Jamaica may be about to suffer the worst economic crisis in the country's history, according to former Prime Minister Edward Seaga.
Seaga, who was yesterday addressing a National Council on Youth Leadership at the University of the West Indies, Mona campus, said the current global economic crisis would hit Jamaica much harder than that of the 1980s.
"What we are concerned about is if the automobile industry really goes into a deep depression, there will be less demand for alumina," Seaga said. "So then we are going to go back to where we were in the early '80s where, with the shortfall in exports of alumina bauxite, we are going to suffer a reduction in our foreign exchange earnings."
Greater threat
He said the current situation is a greater threat to Jamaica as other countries are sharing the economic crisis.

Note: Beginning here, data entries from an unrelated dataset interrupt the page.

lemma r_commute_not_collinear:
  assumes "a \<in> P" "b \<in> P" "\<not> coll a b"
  shows "r a \<otimes> r b = r b \<otimes> r a"
proof -
  obtain c d where cd: "c \<noteq> d" "coll a c" "coll b c" "coll a d" "coll b d"
    "c \<noteq> a" "c \<noteq> b" "d \<noteq> a" "d \<noteq> b"
    using assms two_common_neighbours by blast
  then have "\<not> coll c d"
    using assms(3) common_neighbours_not_collinear by blast
  obtain a1 b1 a2 b2 where
    lines: "line3 a c a1" "line3 b c b1" "line3 a d a2" "line3 b d b2"
    using cd line3_through_collinear by metis
  then obtain e where "line3 a2 b1 e" "line3 a1 b2 e"
    using assms(3) \<open>\<not> coll c d\<close> third_points_concurrent by blast
  then have "r a2 \<otimes> r b1 = r a1 \<otimes> r b2" "r a2 \<otimes> r b1 = r b1 \<otimes> r a2"
    using r_line3 line3_perms(1) by metis+
  then show ?thesis
    unfolding lines[THEN r_line3, symmetric]
    using commute_from_products[of "r a" "r b" "r c" "r d"] assms cd collinear_in_P r_in_carrier
      r_commute_collinear by metis
qed

sublocale comm_group G
  using comm_group_if_generators_commute[OF generate_r] r_in_carrier r_commute_collinear
    r_commute_not_collinear by blast

lemma r_self_left: "p \<in> P \<Longrightarrow> x \<in> carrier G \<Longrightarrow> r p \<otimes> (r p \<otimes> x) = x"
  by (simp add: m_assoc [symmetric] r_self r_in_carrier)

text \<open>Rewriting with this rule and \<open>m_ac\<close> turns every rearrangement of a relation
  among four generators into the same normal form.\<close>

lemma r_prod_eq_iff:
  assumes "{a, b, x, y} \<subseteq> P"
  shows "r a \<otimes> r b = r x \<otimes> r y \<longleftrightarrow> r a \<otimes> r b \<otimes> r x \<otimes> r y = \<one>"
proof
  assume "r a \<otimes> r b = r x \<otimes> r y"
  then have "r a \<otimes> r b \<otimes> r x \<otimes> r y = r x \<otimes> r y \<otimes> r x \<otimes> r y"
    by simp
  also have "\<dots> = \<one>"
    using assms by (simp add: m_ac r_self r_self_left r_in_carrier)
  finally show "r a \<otimes> r b \<otimes> r x \<otimes> r y = \<one>" .
next
  assume prod: "r a \<otimes> r b \<otimes> r x \<otimes> r y = \<one>"
  have "r a \<otimes> r b = (r a \<otimes> r b \<otimes> r x \<otimes> r y) \<otimes> (r x \<otimes> r y)"
    using assms by (simp add: m_ac r_self r_self_left r_in_carrier)
  then show "r a \<otimes> r b = r x \<otimes> r y"
    using assms prod by (simp add: r_in_carrier)
qed

lemma r_third_points:
  assumes "line3 a c a'" "line3 b c b'"
  shows "r a' \<otimes> r b' = r a \<otimes> r b"
  unfolding r_line3[OF assms(1), symmetric] r_line3[OF assms(2), symmetric]
  using line3_in_P[OF assms(1)] line3_in_P[OF assms(2)]
  by (simp add: m_ac r_self r_self_left r_in_carrier)

lemma product_eq_collinear_pair:
  assumes "{p, q, u, v} \<subseteq> P" "r p \<otimes> r q = r u \<otimes> r v"
    and "coll u v" "u \<noteq> v" "\<not> coll q u" "\<not> coll q v"
  shows "coll p q"
proof -
  obtain z where z: "line3 u v z"
    using assms(3,4) line3_through_collinear by blast
  have "coll q z"
    using collinear_with_line3[OF z] assms(1,5,6) by blast
  moreover have "q \<noteq> z"
    using assms(5) line3_collinear(4)[OF z] by blast
  ultimately obtain w where w: "line3 q z w"
    using line3_through_collinear by blast
  have "r w = r q \<otimes> (r p \<otimes> r q)"
    using r_line3[OF w] r_line3[OF z] assms(2) by simp
  also have "\<dots> = r p"
    using assms(1) by (simp add: m_ac r_self r_in_carrier)
  finally have "w = p"
    using assms(1) line3_in_P[OF w] r_eq_iff by blast
  then show ?thesis
    using line3_collinear(4)[OF w] by simp
qed
text \<open>State of the algorithm after n rounds: Running [b_1..b_n] [c_1..c_n], or
  Stopped beta gamma if it has stopped with that output.\<close>
fun cf_alg :: "'a::field fls \<Rightarrow> nat \<Rightarrow> 'a alg_state" where
  "cf_alg x 0 = Running [] []"
| "cf_alg x (Suc n) =
     (case cf_alg x n of
        Stopped u v \<Rightarrow> Stopped u v
      | Running bs cs \<Rightarrow>
          (if x = fcf bs + fcf cs then Stopped (fcf bs) (fcf cs)
           else (let bs' = bs @ [pq (x - fcf cs) (Suc n)] in
                 if x = fcf bs' + fcf cs then Stopped (fcf bs') (fcf cs)
                 else Running bs' (cs @ [pq (x - fcf bs') (Suc n)]))))"

end

theory Submission
  imports Defs
begin

text \<open>Write \<open>v = fls_subdegree\<close>, so that \<open>v = - deg\<close> on \<open>\<bbbK>((t\<^sup>-\<^sup>1))\<close>. Two classical facts
  about the convergents \<open>p\<^sub>k/q\<^sub>k\<close> of \<open>x\<close> drive the proof: \<open>v(x - p\<^sub>k/q\<^sub>k) = deg q\<^sub>k + deg q\<^sub>k\<^sub>+\<^sub>1\<close>,
  and every \<open>y\<close> with \<open>v(y - x) > 2 deg q\<^sub>k\<close> shares the partial quotients \<open>a\<^sub>0, \<dots>, a\<^sub>k\<close> of \<open>x\<close>.
  In round \<open>n + 1\<close> the algorithm expands \<open>\<alpha> - [0; c\<^sub>1, \<dots>, c\<^sub>n] = \<beta> + (\<gamma> - [0; c\<^sub>1, \<dots>, c\<^sub>n])\<close>,
  a perturbation of \<open>\<beta>\<close> too small to change \<open>a\<^sub>n\<^sub>+\<^sub>1(\<beta>)\<close> as soon as the degrees of the
  denominators of \<open>\<beta>\<close> and \<open>\<gamma>\<close> interleave suitably; symmetrically for \<open>c\<^sub>n\<^sub>+\<^sub>1\<close>. The stopping
  tests fail because the errors of the convergents of \<open>\<beta>\<close> and of \<open>\<gamma>\<close> then have different
  valuations. For the given \<open>\<beta>, \<gamma>\<close> one has \<open>deg q\<^sub>n(\<beta>) = 2n\<^sup>2 - n\<close> and \<open>deg q\<^sub>n(\<gamma>) = 2n\<^sup>2 + n\<close>,
  and the interleaving inequalities hold with margin exactly one.\<close>

unbundle fps_syntax
lemma measure_good_slice:
  "measure (uniform_count_measure {p. p permutes {1..k}}) (Pair \<rho> -` good) = last_prob \<rho>"
proof (cases "t < \<rho>")
  case True
  have "Pair \<rho> -` good = permutes_last {1..k} (active \<rho>) c"
    using True by (auto simp: good_def)
  moreover have "active \<rho> \<subseteq> {1..k}" by (auto simp: active_def)
  ultimately have "card (Pair \<rho> -` good) * card (active \<rho>) = fact k"
    using card_permutes_last[of "{1..k}" "active \<rho>" c] color_active[OF True]
    by (simp add: card_permutations)
  moreover have "Pair \<rho> -` good \<subseteq> {p. p permutes {1..k}}" by (auto simp: good_def permutes_last_def)
  ultimately show ?thesis
    using True card_active_pos[OF True]
    by (simp add: measure_uniform_count_measure finite_permutations card_permutations
        last_prob_def field_simps flip: of_nat_mult)
next
  case False
  then show ?thesis by (simp add: good_def last_prob_def)
qed

lemma good_in_sets: "good \<in> sets (gcr_space a b k)"
proof -
  have "{\<rho>. t < \<rho> \<and> (\<forall>i\<in>{1..k}. xv u i < \<rho> \<or> xv v i < \<rho> \<longrightarrow> inv p i \<le> inv p c)} \<in> sets borel"
    for p :: "nat \<Rightarrow> nat"
  proof -
    have "Measurable.pred borel
        (\<lambda>\<rho>. t < \<rho> \<and> (\<forall>i\<in>{1..k}. xv u i < \<rho> \<or> xv v i < \<rho> \<longrightarrow> inv p i \<le> inv p c))"
      by measurable
    then show ?thesis by (simp add: pred_def)
  qed
  moreover have "good = (\<Union>p\<in>{p. p permutes {1..k}}.
      {\<rho>. t < \<rho> \<and> (\<forall>i\<in>{1..k}. xv u i < \<rho> \<or> xv v i < \<rho> \<longrightarrow> inv p i \<le> inv p c)} \<times> {p})"
    by (auto simp: good_def active_def permutes_last_def)
  ultimately show ?thesis
    unfolding gcr_space_def
    by (auto simp: finite_permutations sets_uniform_count_measure)
qed

lemma borel_measurable_last_prob: "last_prob \<in> borel_measurable borel"
proof -
  have "real (card (active \<rho>)) = (\<Sum>i=1..k. if xv u i < \<rho> \<or> xv v i < \<rho> then 1 else 0)" for \<rho>
    by (simp add: active_def sum.inter_filter[symmetric])
  then have "last_prob = (\<lambda>\<rho>. if t < \<rho>
      then 1 / (\<Sum>i=1..k. if xv u i < \<rho> \<or> xv v i < \<rho> then 1 else 0) else 0)"
    by (simp add: last_prob_def fun_eq_iff)
  then show ?thesis by simp
qed

lemma last_prob_bounds: "0 \<le> last_prob \<rho>" "last_prob \<rho> \<le> 1"
  using card_active_pos[of \<rho>] by (auto simp: last_prob_def)

lemma integrable_last_prob:
  assumes "a < b"
  shows "integrable (uniform_measure lborel {a<..<b}) last_prob"
proof -
  interpret prob_space "uniform_measure lborel {a<..<b}"
    using assms by (intro prob_space_uniform_measure) auto
  have "borel_measurable (uniform_measure lborel {a<..<b}) = borel_measurable borel"
    by (intro measurable_cong_sets) auto
  then show ?thesis
    using last_prob_bounds borel_measurable_last_prob
    by (intro integrable_const_bound[where B = 1]) auto
qed

lemma measure_good:
  assumes "a < b"
  shows "measure (gcr_space a b k) good = integral\<^sup>L (uniform_measure lborel {a<..<b}) last_prob"
proof -
  define M where "M = uniform_measure lborel {a<..<b}"
  define N where "N = uniform_count_measure {p. p permutes {1..k::nat}}"
  have space: "gcr_space a b k = M \<Otimes>\<^sub>M N" by (simp add: gcr_space_def M_def N_def)
  interpret N: prob_space N
    unfolding N_def
    by (intro prob_space_uniform_count_measure) (auto simp: finite_permutations intro: permutes_id)
  interpret MN: prob_space "M \<Otimes>\<^sub>M N"
    using prob_space_gcr_space[OF assms, of k] unfolding space .
  have "integrable M last_prob"
    unfolding M_def using assms by (rule integrable_last_prob)
  have "emeasure (M \<Otimes>\<^sub>M N) good = (\<integral>\<^sup>+\<rho>. emeasure N (Pair \<rho> -` good) \<partial>M)"
    using good_in_sets[of a b] unfolding space by (rule N.emeasure_pair_measure_alt)
  also have "\<dots> = (\<integral>\<^sup>+\<rho>. ennreal (last_prob \<rho>) \<partial>M)"
    using measure_good_slice[folded N_def] by (simp add: N.emeasure_eq_measure)
  also have "\<dots> = ennreal (integral\<^sup>L M last_prob)"
    using \<open>integrable M last_prob\<close> last_prob_bounds by (intro nn_integral_eq_integral) auto
  finally show ?thesis
    using last_prob_bounds unfolding space M_def[symmetric]
    by (simp add: MN.emeasure_eq_measure integral_nonneg)
qed

definition below :: "'v \<Rightarrow> real \<Rightarrow> nat set" where
  "below w \<rho> = {i\<in>others. xv w i < \<rho>}"

text \<open>The number of other colours below \<rho> at u and at v, written with indicators so that it can
  be integrated over \<rho>; the max with t makes it vanish for \<rho> \<le> t.\<close>

definition count_below :: "real \<Rightarrow> real" where
  "count_below \<rho> = (\<Sum>i\<in>others. indicator {max t (xv u i)<..} \<rho> + indicator {max t (xv v i)<..} \<rho>)"

lemma count_below_eq:
  assumes "t < \<rho>"
  shows "count_below \<rho> = card (below u \<rho>) + card (below v \<rho>)"
proof -
  have "indicator {max t (xv w i)<..} \<rho> = (if xv w i < \<rho> then 1 else 0 :: real)" for w i
    using assms by (simp add: indicator_def)
  then show ?thesis
    by (simp add: count_below_def below_def sum.distrib sum.inter_filter[symmetric] others_def)
qed

lemma count_below_eq_0: "\<not> t < \<rho> \<Longrightarrow> count_below \<rho> = 0"
  by (simp add: count_below_def indicator_def)

lemma card_active_le: "card (active \<rho>) \<le> 1 + card (below u \<rho>) + card (below v \<rho>)"
proof -
  have "finite (below u \<rho>)" "finite (below v \<rho>)" by (simp_all add: below_def others_def)
  moreover have "active \<rho> \<subseteq> insert c (below u \<rho> \<union> below v \<rho>)"
    by (auto simp: active_def below_def others_def)
  ultimately have "card (active \<rho>) \<le> card (insert c (below u \<rho> \<union> below v \<rho>))"
    by (intro card_mono) auto
  also have "\<dots> \<le> 1 + card (below u \<rho> \<union> below v \<rho>)"
    by (simp add: card_insert_le_m1 card_insert_if)
  also have "\<dots> \<le> 1 + card (below u \<rho>) + card (below v \<rho>)"
    using card_Un_le by simp
  finally show ?thesis .
qed

lemma last_prob_ge: "t < \<rho> \<Longrightarrow> 1 / (1 + count_below \<rho>) \<le> last_prob \<rho>"
  using card_active_le[of \<rho>] card_active_pos[of \<rho>]
  by (simp add: last_prob_def count_below_eq frac_le)

lemma linear_le_last_prob:
  fixes A B \<delta> :: real
  assumes "0 \<le> B" and chord: "\<And>n::nat. A - B * of_bool (1 \<le> n) - \<delta> * real n \<le> 1 / (1 + real n)"
  shows "A * indicator {t<..} \<rho> - B * indicator {1 - t<..} \<rho> - \<delta> * count_below \<rho> \<le> last_prob \<rho>"
proof (cases "t < \<rho>")
  case True
  define n where "n = card (below u \<rho>) + card (below v \<rho>)"
  have "1 - t < \<rho>" if "1 \<le> n"
  proof -
    from that have "below u \<rho> \<noteq> {} \<or> below v \<rho> \<noteq> {}" by (auto simp: n_def)
    then obtain w i where "w \<in> {u, v}" "i \<in> below w \<rho>" by blast
    then show ?thesis using deficit_le[of w i] by (auto simp: below_def)
  qed
  then have "B * of_bool (1 \<le> n) \<le> B * indicator {1 - t<..} \<rho>"
    using \<open>0 \<le> B\<close> by (auto simp: indicator_def)
  moreover have count: "count_below \<rho> = real n"
    using True by (simp add: count_below_eq n_def)
  ultimately have "A * indicator {t<..} \<rho> - B * indicator {1 - t<..} \<rho> - \<delta> * count_below \<rho>
      \<le> A - B * of_bool (1 \<le> n) - \<delta> * real n"
    using True by simp
  also have "\<dots> \<le> 1 / (1 + count_below \<rho>)"
    using chord[of n] by (simp add: count)
  also have "\<dots> \<le> last_prob \<rho>" using last_prob_ge[OF True] .
  finally show ?thesis .
next
  case False
  then show ?thesis using \<open>0 \<le> B\<close> last_prob_bounds(1)[of \<rho>]
    by (simp add: count_below_eq_0 indicator_def)
qed
lemma relabel_add: "relabel g (X + Y) = relabel g X + relabel g Y"
  by (simp add: relabel_def vec_eq_iff)

lemma relabel_mult:
  assumes "bij g"
  shows "relabel g (X ** Y) = relabel g X ** relabel g Y"
proof -
  have "(\<Sum>k\<in>UNIV. X $ g a $ k * Y $ k $ g b) = (\<Sum>c\<in>UNIV. X $ g a $ g c * Y $ g c $ g b)" for a b
    using sum.reindex_bij_betw[of g UNIV UNIV "\<lambda>k. X $ g a $ k * Y $ k $ g b"] assms by simp
  then show ?thesis
    by (simp add: relabel_def matrix_matrix_mult_def vec_eq_iff)
qed

lemma relabel_relabel_inv: "bij g \<Longrightarrow> relabel g (relabel (inv g) M) = M"
  by (simp add: relabel_def vec_eq_iff bij_is_inj)

lemma relabel_inv_entry: "bij g \<Longrightarrow> relabel g M $ inv g i $ inv g j = M $ i $ j"
  by (simp add: relabel_def bij_is_surj surj_f_inv_f)

lemma diagonal_mat_relabel: "inj g \<Longrightarrow> diagonal_mat D \<Longrightarrow> diagonal_mat (relabel g D)"
  by (simp add: diagonal_mat_def relabel_def inj_eq)

lemma poly_in_entries_relabel:
  assumes "poly_in_entries p"
  shows "poly_in_entries (\<lambda>t. p (relabel g (fst t), relabel g (fst (snd t)), relabel g (snd (snd t))))"
  using assms
proof induction
  case (varU i j) then show ?case using poly_in_entries_U[of "g i" "g j"] by (simp add: relabel_def)
next
  case (varH i j) then show ?case using poly_in_entries_H[of "g i" "g j"] by (simp add: relabel_def)
next
  case (varW i j) then show ?case using poly_in_entries_W[of "g i" "g j"] by (simp add: relabel_def)
qed (simp_all add: poly_in_entries.intros)

lemma generic_relabel:
  assumes "bij (g :: 'm::finite \<Rightarrow> 'n::finite)" and "generic P"
    and "\<And>U H W. P (relabel g U) (relabel g H) (relabel g W) \<Longrightarrow> Q U H W"
  shows "generic Q"
proof -
  obtain p U0 H0 W0 where p: "poly_in_entries p" and nonzero: "p (U0, H0, W0) \<noteq> 0"
    and P: "\<And>U H W. p (U, H, W) \<noteq> 0 \<Longrightarrow> P U H W"
    using assms(2) unfolding generic_def by (metis prod_cases3)
  let ?q = "\<lambda>t. p (relabel g (fst t), relabel g (fst (snd t)), relabel g (snd (snd t)))"
  have "?q (relabel (inv g) U0, relabel (inv g) H0, relabel (inv g) W0) \<noteq> 0"
    using nonzero assms(1) by (simp add: relabel_relabel_inv)
  moreover have "Q U H W" if "?q (U, H, W) \<noteq> 0" for U H W
    using P assms(3) that by simp
  ultimately show ?thesis
    unfolding generic_def using poly_in_entries_relabel[OF p] by blast
qed

lemma alignable_relabel:
  assumes g: "bij (g :: 'm::finite \<Rightarrow> 'n::finite)"
    and "alignable (relabel g U) (relabel g H) (relabel g W)"
  shows "alignable U H W"
proof -
  obtain D1 D2 D3 lam B' where D: "diagonal_mat D1" "diagonal_mat D2" "diagonal_mat D3"
    and B': "B' = relabel g H ** D1 + relabel g H ** D2 ** relabel g U + relabel g W ** D3 ** relabel g H"
    and aligned: "\<And>i. (\<forall>j. j \<noteq> i \<longrightarrow> B' $ i $ j = lam i * relabel g H $ i $ j) \<and>
                      B' $ i $ i \<noteq> lam i * relabel g H $ i $ i"
    using assms(2) unfolding alignable_def Let_def by blast
  let ?h = "inv g"
  have h: "bij ?h" using g by (rule bij_imp_bij_inv)
  let ?B = "H ** relabel ?h D1 + H ** relabel ?h D2 ** U + W ** relabel ?h D3 ** H"
  have "relabel g ?B = relabel g H ** D1 + relabel g H ** D2 ** relabel g U + relabel g W ** D3 ** relabel g H"
    using g by (simp add: relabel_add relabel_mult relabel_relabel_inv)
  then have B_entry: "?B $ i $ j = B' $ ?h i $ ?h j" for i j
    using relabel_inv_entry[OF g, of ?B] B' by metis
  have H_entry: "H $ i $ j = relabel g H $ ?h i $ ?h j" for i j
    using relabel_inv_entry[OF g] by metis
  have diag: "diagonal_mat (relabel ?h D)" if "diagonal_mat D" for D
    using that h by (simp add: diagonal_mat_relabel bij_is_inj)
  have on_diag: "?B $ i $ i \<noteq> lam (?h i) * H $ i $ i" for i
    using aligned[of "?h i"] B_entry[of i i] H_entry[of i i] by simp
  have off_diag: "?B $ i $ j = lam (?h i) * H $ i $ j" if "j \<noteq> i" for i j
  proof -
    have "?h j \<noteq> ?h i" using that h by (metis bij_is_inj inj_eq)
    then show ?thesis using aligned[of "?h i"] B_entry[of i j] H_entry[of i j] by simp
  qed
  show ?thesis
    unfolding alignable_def Let_def
    by (rule exI[of _ "relabel ?h D1"], rule exI[of _ "relabel ?h D2"],
        rule exI[of _ "relabel ?h D3"], rule exI[of _ "\<lambda>i. lam (?h i)"])
      (use D diag on_diag off_diag in blast)
qed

"In the case of the 1980s, there was a very steep fall in foreign exchange earnings. [To stop this] I asked Washington to buy a significant amount of our bauxite, and they did buy quite a few million tonnes of bauxite which enabled us to survive at a time when it was absolutely critical," Seaga, who was prime minister from 1980 to 1989, said. "Well there will be no such thing this time. This time, the US is in a problem. So they are not going to be among those who are going to be of assistance. Hence, you have a situation where the possibility exists that the alumina industry and the bauxite industry in Jamaica is going to have a severe downturn which is going to lose us foreign exchange earnings."